* [GIVEN ENTRIES]
lemma norm_pair_coeff_le:
  "norm (pair_coeff a l n) \<le> (norm (a (l + int (Suc n))) + norm (a (l - int (Suc n)))) / norm (a l)"
  unfolding pair_coeff_def add_divide_distrib
  using norm_triangle_ineq[of "a (l + int (Suc n)) / a l" "cnj (a (l - int (Suc n))) / cnj (a l)"]
  by (simp add: norm_divide)

context
  fixes a :: "int \<Rightarrow> complex"
  assumes a_summable: "(\<lambda>k. norm (a k)) summable_on UNIV"
begin

lemma sums_norm_symmetric_pairs:
  "(\<lambda>n. norm (a (l + int (Suc n))) + norm (a (l - int (Suc n)))) sums (\<Sum>\<^sub>\<infinity>k\<in>UNIV - {l}. norm (a k))"
proof -
  have "(\<lambda>k. norm (a k)) summable_on UNIV - {l}"
    by (rule summable_on_subset_banach[OF a_summable]) simp
  then have "(\<Sum>\<^sub>\<infinity>k. norm (a k)) = norm (a l) + (\<Sum>\<^sub>\<infinity>k\<in>UNIV - {l}. norm (a k))"
    using infsum_insert[of "\<lambda>k. norm (a k)" "UNIV - {l}" l] by (simp add: insert_absorb)
  then show ?thesis
    using sums_symmetric_pairs_int[OF a_summable, of l] by simp
qed

lemma summable_norm_pair_coeff: "summable (\<lambda>n. norm (pair_coeff a l n))"
  by (rule summable_comparison_test'[where N = 0,
        OF summable_divide[OF sums_summable[OF sums_norm_symmetric_pairs[of l]], of "norm (a l)"]])
     (use norm_pair_coeff_le in simp)

lemma summable_pair_coeff_series:
  assumes "norm w = 1"
  shows "summable (\<lambda>n. pair_coeff a l n * w ^ Suc n)"
  by (rule summable_norm_cancel) (use summable_norm_pair_coeff assms in \<open>simp add: norm_mult norm_power\<close>)

lemma suminf_norm_pair_coeff_lt_1:
  assumes "norm (a l) > (\<Sum>\<^sub>\<infinity>k\<in>UNIV - {l}. norm (a k))"
  shows "(\<Sum>n. norm (pair_coeff a l n)) < 1"
proof -
  have "(\<Sum>n. norm (pair_coeff a l n))
      \<le> (\<Sum>n. (norm (a (l + int (Suc n))) + norm (a (l - int (Suc n)))) / norm (a l))"
    by (intro suminf_le norm_pair_coeff_le summable_norm_pair_coeff
        summable_divide sums_summable[OF sums_norm_symmetric_pairs])
  also have "\<dots> = (\<Sum>\<^sub>\<infinity>k\<in>UNIV - {l}. norm (a k)) / norm (a l)"
    using sums_unique[OF sums_divide[OF sums_norm_symmetric_pairs]] by simp
  also have "\<dots> < 1"
    using assms le_less_trans[OF infsum_nonneg assms] by simp
  finally show ?thesis .
qed

lemma Re_pair_coeff_series_pos:
  assumes "(\<Sum>n. norm (pair_coeff a l n)) < 1" and "norm w = 1"
  shows "Re (1 + (\<Sum>n. pair_coeff a l n * w ^ Suc n)) > 0"
proof -
  have "summable (\<lambda>n. norm (pair_coeff a l n * w ^ Suc n))"
    using summable_norm_pair_coeff assms(2) by (simp add: norm_mult norm_power)
  then have "norm (\<Sum>n. pair_coeff a l n * w ^ Suc n) \<le> (\<Sum>n. norm (pair_coeff a l n * w ^ Suc n))"
    by (rule summable_norm)
  also have "\<dots> = (\<Sum>n. norm (pair_coeff a l n))"
    using assms(2) by (simp add: norm_mult norm_power)
  finally have "\<bar>Re (\<Sum>n. pair_coeff a l n * w ^ Suc n)\<bar> < 1"
    using abs_Re_le_cmod assms(1) by (meson le_less_trans)
  then show ?thesis
    by simp
qed

lemma positivity_condition_if_any:
  assumes "(\<exists>l\<le>int m. norm (a l) > (\<Sum>\<^sub>\<infinity>k\<in>UNIV - {l}. norm (a k)))
    \<or> (\<exists>l\<le>int m. a l \<noteq> 0 \<and> (\<Sum>n. norm (pair_coeff a l n)) < 1)
    \<or> (\<exists>l\<le>int m. a l \<noteq> 0 \<and> (\<forall>w. norm w = 1 \<longrightarrow> Re (1 + (\<Sum>n. pair_coeff a l n * w ^ Suc n)) > 0))"
  obtains l where "l \<le> int m" "a l \<noteq> 0" "\<And>w. norm w = 1 \<Longrightarrow> Re (1 + (\<Sum>n. pair_coeff a l n * w ^ Suc n)) > 0"
  using assms
proof (elim disjE exE conjE)
  fix l assume "l \<le> int m" and dominant: "norm (a l) > (\<Sum>\<^sub>\<infinity>k\<in>UNIV - {l}. norm (a k))"
  moreover have "a l \<noteq> 0"
    using dominant infsum_nonneg[of "UNIV - {l}" "\<lambda>k. norm (a k)"] by auto
  ultimately show thesis
    using that Re_pair_coeff_series_pos[OF suminf_norm_pair_coeff_lt_1[OF dominant]] by blast
qed (use that Re_pair_coeff_series_pos in blast)+

lemma Re_infsum_unit_circle:
  assumes "a l \<noteq> 0" "norm \<omega> = 1"
  shows "Re (\<Sum>\<^sub>\<infinity>k. a k / a l * \<omega> powi (k - l)) = Re (1 + (\<Sum>n. pair_coeff a l n * \<omega> ^ Suc n))"
proof -
  define f where "f = (\<lambda>k. a k / a l * \<omega> powi (k - l))"
  have "(\<lambda>k. norm (f k)) summable_on UNIV"
    using summable_on_cmult_left[OF a_summable, of "inverse (norm (a l))"] assms(2)
    by (simp add: f_def norm_mult norm_divide norm_inverse norm_power_int divide_inverse)
  then have f_summable: "f summable_on UNIV"
    by (rule abs_summable_summable)
  have pairs: "Re (f (l + int (Suc n)) + f (l - int (Suc n))) = Re (pair_coeff a l n * \<omega> ^ Suc n)" for n
  proof -
    have up: "f (l + int (Suc n)) = a (l + int (Suc n)) / a l * \<omega> ^ Suc n"
      by (simp add: f_def flip: power_int_of_nat)
    have "l - int (Suc n) - l = - int (Suc n)"
      by simp
    then have "\<omega> powi (l - int (Suc n) - l) = inverse (\<omega> ^ Suc n)"
      by (simp only: power_int_minus power_int_of_nat)
    also have "\<dots> = cnj (\<omega> ^ Suc n)"
      using cnj_eq_inverse_if_norm_1[of "\<omega> ^ Suc n"] assms(2) by (simp add: norm_mult norm_power)
    finally have "f (l - int (Suc n)) = cnj (cnj (a (l - int (Suc n))) / cnj (a l) * \<omega> ^ Suc n)"
      by (simp add: f_def)
    then have down: "Re (f (l - int (Suc n))) = Re (cnj (a (l - int (Suc n))) / cnj (a l) * \<omega> ^ Suc n)"
      by (simp only: cnj.sel(1))
    show ?thesis
      using up down by (simp only: pair_coeff_def distrib_right plus_complex.sel(1))
  qed
  have "f l = 1"
    using assms(1) by (simp add: f_def)
  then have "(\<lambda>n. f (l + int (Suc n)) + f (l - int (Suc n))) sums (infsum f UNIV - 1)"
    using sums_symmetric_pairs_int[OF f_summable, of l] by (simp only:)
  from sums_Re[OF this]
  have "(\<lambda>n. Re (pair_coeff a l n * \<omega> ^ Suc n)) sums Re (infsum f UNIV - 1)"
    by (simp only: pairs)
  from sums_unique2[OF this sums_Re[OF summable_sums[OF summable_pair_coeff_series[OF assms(2)]]]]
  show ?thesis
    unfolding f_def[symmetric] by simp
qed

end

lemma cnj_powi_series_unit_circle:
  fixes u :: complex
  assumes "norm u = 1" "l \<le> int m"
  shows "cnj u ^ (2 * nat (int m - l)) * cnj_powi_series a (\<lambda>k. k) (\<lambda>k. int (2 * m) - k) u / a l
    = (\<Sum>\<^sub>\<infinity>k. a k / a l * (cnj u ^ 2) powi (k - l))"
proof -
  have u0: "u \<noteq> 0"
    using assms(1) by auto
  have inv: "cnj u = inverse u"
    by (rule cnj_eq_inverse_if_norm_1[OF assms(1)])
  have term_eq: "cnj u ^ (2 * nat (int m - l)) * (c * cnj u powi k * u powi (int (2 * m) - k))
      = c * (cnj u ^ 2) powi (k - l)" for c k
  proof -
    have e1: "cnj u ^ (2 * nat (int m - l)) = inverse (u powi (2 * (int m - l)))"
      using assms(2) by (simp add: inv power_int_inverse power_int_mult flip: power_int_of_nat)
    have e2: "cnj u powi k = inverse (u powi k)"
      by (simp add: inv power_int_inverse)
    have "(cnj u ^ 2) powi (k - l) = cnj u powi (2 * (k - l))"
      by (simp only: power_int_mult power_int_numeral)
    then have e3: "(cnj u ^ 2) powi (k - l) = inverse (u powi (2 * (k - l)))"
      by (simp add: inv power_int_inverse)
    have "int (2 * m) - k + 2 * (k - l) = 2 * (int m - l) + k"
      by simp
    then have "u powi (int (2 * m) - k) * u powi (2 * (k - l)) = u powi (2 * (int m - l)) * u powi k"
      using u0 by (metis power_int_add)
    then show ?thesis
      unfolding e1 e2 e3 using u0 by (simp add: field_simps)
  qed
  have "(\<Sum>\<^sub>\<infinity>k. a k / a l * cnj u powi k * u powi (int (2 * m) - k))
      = (\<Sum>\<^sub>\<infinity>k. a k * cnj u powi k * u powi (int (2 * m) - k)) / a l"
    by (simp only: divide_inverse flip: infsum_cmult_left') (simp add: mult_ac)
  then have "cnj u ^ (2 * nat (int m - l)) * cnj_powi_series a (\<lambda>k. k) (\<lambda>k. int (2 * m) - k) u / a l
      = cnj u ^ (2 * nat (int m - l)) * (\<Sum>\<^sub>\<infinity>k. a k / a l * cnj u powi k * u powi (int (2 * m) - k))"
    by (simp add: cnj_powi_series_def)
  also have "\<dots> = (\<Sum>\<^sub>\<infinity>k. a k / a l * (cnj u ^ 2) powi (k - l))"
    unfolding infsum_cmult_right'[symmetric] term_eq ..
  finally show ?thesis .
qed

section \<open>The sector condition and the polynomial\<close>

lemma homogeneous_sector_bound:
  fixes F :: "complex \<Rightarrow> complex"
  assumes hom: "homogeneous_of_degree K F" and cont: "continuous_on (sphere 0 1) F"
    and pos: "\<And>u. norm u = 1 \<Longrightarrow> Re (F u) > 0"
  obtains \<delta> where "\<delta> > 0" "\<And>z. z \<noteq> 0 \<Longrightarrow> F z \<noteq> 0 \<and> \<delta> * norm (F z) \<le> Re (F z)"
proof -
  have nonzero: "F u \<noteq> 0" if "u \<in> sphere 0 1" for u
    using pos[of u] that by auto
  have "continuous_on (sphere 0 1) (\<lambda>u. Re (F u) / norm (F u))"
    using nonzero by (intro continuous_intros cont) auto
  then obtain u0 where u0: "u0 \<in> sphere 0 1"
    and min: "\<And>u. u \<in> sphere 0 1 \<Longrightarrow> Re (F u0) / norm (F u0) \<le> Re (F u) / norm (F u)"
    using continuous_attains_inf[OF compact_sphere, of 0 1] by fastforce
  show ?thesis
  proof
    show "Re (F u0) / norm (F u0) > 0"
      using pos[of u0] u0 nonzero[OF u0] by simp
    fix z :: complex assume "z \<noteq> 0"
    define u where "u = z / of_real (norm z)"
    have u: "u \<in> sphere 0 1"
      using \<open>z \<noteq> 0\<close> by (simp add: u_def norm_divide)
    have "z = of_real (norm z) * u"
      using \<open>z \<noteq> 0\<close> by (simp add: u_def)
    then have Fz: "F z = of_real (norm z ^ K) * F u"
      using hom \<open>z \<noteq> 0\<close> unfolding homogeneous_of_degree_def by (metis zero_less_norm_iff)
    have "Re (F u0) / norm (F u0) * norm (F u) \<le> Re (F u)"
      using min[OF u] nonzero[OF u] by (simp add: le_divide_eq)
    from mult_left_mono[OF this, of "norm z ^ K"]
    show "F z \<noteq> 0 \<and> Re (F u0) / norm (F u0) * norm (F z) \<le> Re (F z)"
      using nonzero[OF u] \<open>z \<noteq> 0\<close> by (simp add: Fz norm_mult norm_power mult_ac)
  qed
qed

definition power_remainder :: "nat \<Rightarrow> 'a::real_normed_field \<Rightarrow> 'a \<Rightarrow> 'a" where
  "power_remainder N x h = (x + h) ^ N - x ^ N - of_nat N * x ^ (N - 1) * h"

lemma power_remainder_eq:
  fixes x y :: "'a::real_normed_field"
  assumes "y \<noteq> 0" "N > 0"
  shows "power_remainder N x (x * y) = x ^ N * y * (((1 + y) ^ N - 1) / y - of_nat N)"
proof -
  have "x ^ N = x ^ (N - 1) * x"
    using \<open>N > 0\<close> by (cases N) simp_all
  then have "x + x * y = x * (1 + y)" "of_nat N * x ^ (N - 1) * (x * y) = of_nat N * (x ^ N * y)"
    by (simp_all add: algebra_simps)
  then have "power_remainder N x (x * y) = x ^ N * (1 + y) ^ N - x ^ N - of_nat N * (x ^ N * y)"
    by (simp only: power_remainder_def power_mult_distrib)
  also have "\<dots> = x ^ N * y * (((1 + y) ^ N - 1) / y - of_nat N)"
    using \<open>y \<noteq> 0\<close> by (simp add: field_simps)
  finally show ?thesis .
qed

lemma power_linearization:
  fixes \<epsilon> :: real and N :: nat
  assumes "\<epsilon> > 0"
  obtains \<eta> where "\<eta> > 0"
    "\<And>x h :: 'a::real_normed_field. norm h \<le> \<eta> * norm x \<Longrightarrow>
       norm (power_remainder N x h) \<le> \<epsilon> * norm x ^ (N - 1) * norm h"
proof -
  have "((\<lambda>y::'a. (1 + y) ^ N) has_field_derivative of_nat N) (at 0)"
    by (auto intro!: derivative_eq_intros)
  then have "((\<lambda>y::'a. ((1 + y) ^ N - 1) / y) \<longlongrightarrow> of_nat N) (at 0)"
    by (simp add: has_field_derivative_iff)
  from LIM_D[OF this assms] obtain \<eta> where "\<eta> > 0"
    and \<eta>: "\<And>y::'a. y \<noteq> 0 \<Longrightarrow> norm y < \<eta> \<Longrightarrow> norm (((1 + y) ^ N - 1) / y - of_nat N) < \<epsilon>"
    by auto
  show ?thesis
  proof
    show "\<eta> / 2 > 0"
      using \<open>\<eta> > 0\<close> by simp
    fix x h :: 'a assume h: "norm h \<le> \<eta> / 2 * norm x"
    show "norm (power_remainder N x h) \<le> \<epsilon> * norm x ^ (N - 1) * norm h"
    proof (cases "N = 0 \<or> h = 0")
      case False
      then have "x \<noteq> 0" "h / x \<noteq> 0" "N > 0"
        using h by auto
      have "norm (h / x) \<le> \<eta> / 2"
        using h \<open>x \<noteq> 0\<close> by (simp add: norm_divide pos_divide_le_eq)
      with \<open>\<eta> > 0\<close> have "norm (h / x) < \<eta>"
        by linarith
      have "power_remainder N x h = x ^ N * (h / x) * (((1 + h / x) ^ N - 1) / (h / x) - of_nat N)"
        using power_remainder_eq[OF \<open>h / x \<noteq> 0\<close> \<open>N > 0\<close>, of x] \<open>x \<noteq> 0\<close> by simp
      moreover have "norm (x ^ N * (h / x)) = norm x ^ (N - 1) * norm h"
        using \<open>x \<noteq> 0\<close> \<open>N > 0\<close> by (cases N) (simp_all add: norm_mult norm_divide norm_power)
      ultimately have "norm (power_remainder N x h)
          = norm x ^ (N - 1) * norm h * norm (((1 + h / x) ^ N - 1) / (h / x) - of_nat N)"
        by (simp only: norm_mult)
      also have "\<dots> \<le> norm x ^ (N - 1) * norm h * \<epsilon>"
        using \<eta>[OF \<open>h / x \<noteq> 0\<close> \<open>norm (h / x) < \<eta>\<close>] by (intro mult_left_mono) auto
      finally show ?thesis
        by (simp add: mult_ac)
    qed (use assms in \<open>auto simp: power_remainder_def\<close>)
  qed
qed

* [WHAT YOU HAVE TO DO]
Only one part of the material above is to be transcribed, namely the lines starting with the line that has "using hom \<open>z" and going on through the line that has "0 \<and> Re", exactly as they stand.

* [WORKED SOLUTION]
      using hom \<open>z \<noteq> 0\<close> unfolding homogeneous_of_degree_def by (metis zero_less_norm_iff)
    have "Re (F u0) / norm (F u0) * norm (F u) \<le> Re (F u)"
      using min[OF u] nonzero[OF u] by (simp add: le_divide_eq)
    from mult_left_mono[OF this, of "norm z ^ K"]
    show "F z \<noteq> 0 \<and> Re (F u0) / norm (F u0) * norm (F z) \<le> Re (F z)"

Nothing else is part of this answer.